Folate deficiencies may cause uracil misincorporation during DNA synthesis, which increases cancer risk [40]. The data from our study suggest that AG patients with TT genotype have a higher rate of folate deficiency compared with those with the CC + CT genotypes (P = 0.001), which will theoretically bring a higher rate of hyperhomocysteinemia. However, in our study, this was not the case. No significant difference was observed (P = 0.819), indicating that the AG may be more of a direct cause of hyperhomocysteinemia, which is in good agreement with previous research [11]. This phenomenon suggests that the AG factor may play a more important role in the presence of hyperhomocysteinemia than the MTHFR C677Tgenotype. As a result, AG patients are suggested to receive folic acid supplementation to reduce the risk of gastric cancer.

Although not statistically significant, patients with TT genotype in our study showed a trend towards a higher frequency of more severe lesions according to the Kimura-Takemoto endoscopic classification. In addition, some studies have reported that the severity of gastric atrophy assessed by the Kimura-Takemoto endoscopic classification is correlated with OLGA and OLGIM stages [21, 41]. In our study, however, the correlation was weak with a kappa value of 0.29.
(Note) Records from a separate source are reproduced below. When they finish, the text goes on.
lemma multi_clique_left_ext_eq:
  assumes no_inner: "\<And>b. \<not> inner_left_ext n b"
  shows "multi_clique (words n) left_ext = (\<lambda>(i, e). (consecutive_word n i, e)) ` order_graph rL"
proof -
  let ?E = "\<lambda>i. {enumL ! i, enumL ! Suc i}"
  have "multi_clique (words n) left_ext
      = (\<lambda>i. (consecutive_word n i, ?E i)) ` {i. Suc i < length enumL}"
  proof (intro equalityI subsetI)
    fix x
    assume "x \<in> multi_clique (words n) left_ext"
    then obtain v a a' where x: "x = (v, {a, a'})" "v \<in> words n" "a \<in> left_ext v" "a' \<in> left_ext v"
      "a \<noteq> a'"
      unfolding multi_clique_def by blast
    moreover have "length v = n"
      using x(2) unfolding words_def by simp
    ultimately obtain i where i: "Suc i < length enumL" "left_ext v = ?E i"
      using left_ext_consecutive_pair no_inner by metis
    then have "consecutive_word n i = v"
      using consecutive_word_unique x(2) by blast
    moreover have "{a, a'} = ?E i"
      using x(3-5) i(2) by auto
    ultimately show "x \<in> (\<lambda>i. (consecutive_word n i, ?E i)) ` {i. Suc i < length enumL}"
      using x(1) i(1) by blast
  next
    fix x
    assume "x \<in> (\<lambda>i. (consecutive_word n i, ?E i)) ` {i. Suc i < length enumL}"
    then obtain i where i: "Suc i < length enumL" "x = (consecutive_word n i, ?E i)"
      by blast
    moreover have "enumL ! i \<noteq> enumL ! Suc i"
      using enumL_eq_iff i(1) by simp
    ultimately show "x \<in> multi_clique (words n) left_ext"
      using consecutive_word[OF i(1)] unfolding multi_clique_def by blast
  qed
  also have "\<dots> = (\<lambda>(i, e). (consecutive_word n i, e)) ` order_graph rL"
    unfolding order_graph_def Let_def by (auto simp: image_iff)
  finally show ?thesis .
qed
To our knowledge, our study provides the first observation of an association between the MTHFR C677T polymorphism and gastric precancerous lesions in patients without H. pylori infection. We suggest that the TT genotype is associated with more severe lesions in H. pylori -negative patients. The biopsy of the incisura in AG patients with TT genotype will be useful for further screening of gastric cancer risk, especially for patients younger than 44 years. AG itself may be a contributing factor towards hyperhomocysteinemia. In addition, patients should be cautious about the potential risk of cardiovascular diseases in view of the association between hyperhomocysteinemia and vascular injury [42].

Conclusions

Based on our findings, the effects of the MTHFR C677T polymorphism on gastric precancerous lesions have been systematically examined. We propose that MTHFR C677T genotyping could be useful in identifying Helicobacter pylori-negative patients at increased risk for moderate-to-severe atrophy or IM. Such screening may be valuable clinically in assessing the risk and prognosis of gastric precancerous lesions. In addition, AG patients should receive appropriate folic acid supplementation to prevent hyperhomocysteinemia. Further standardized research including well-designed and strictly implemented trials are required to confirm that the MTHFR C677T genetic polymorphism is an independent predictor of the severity of AG.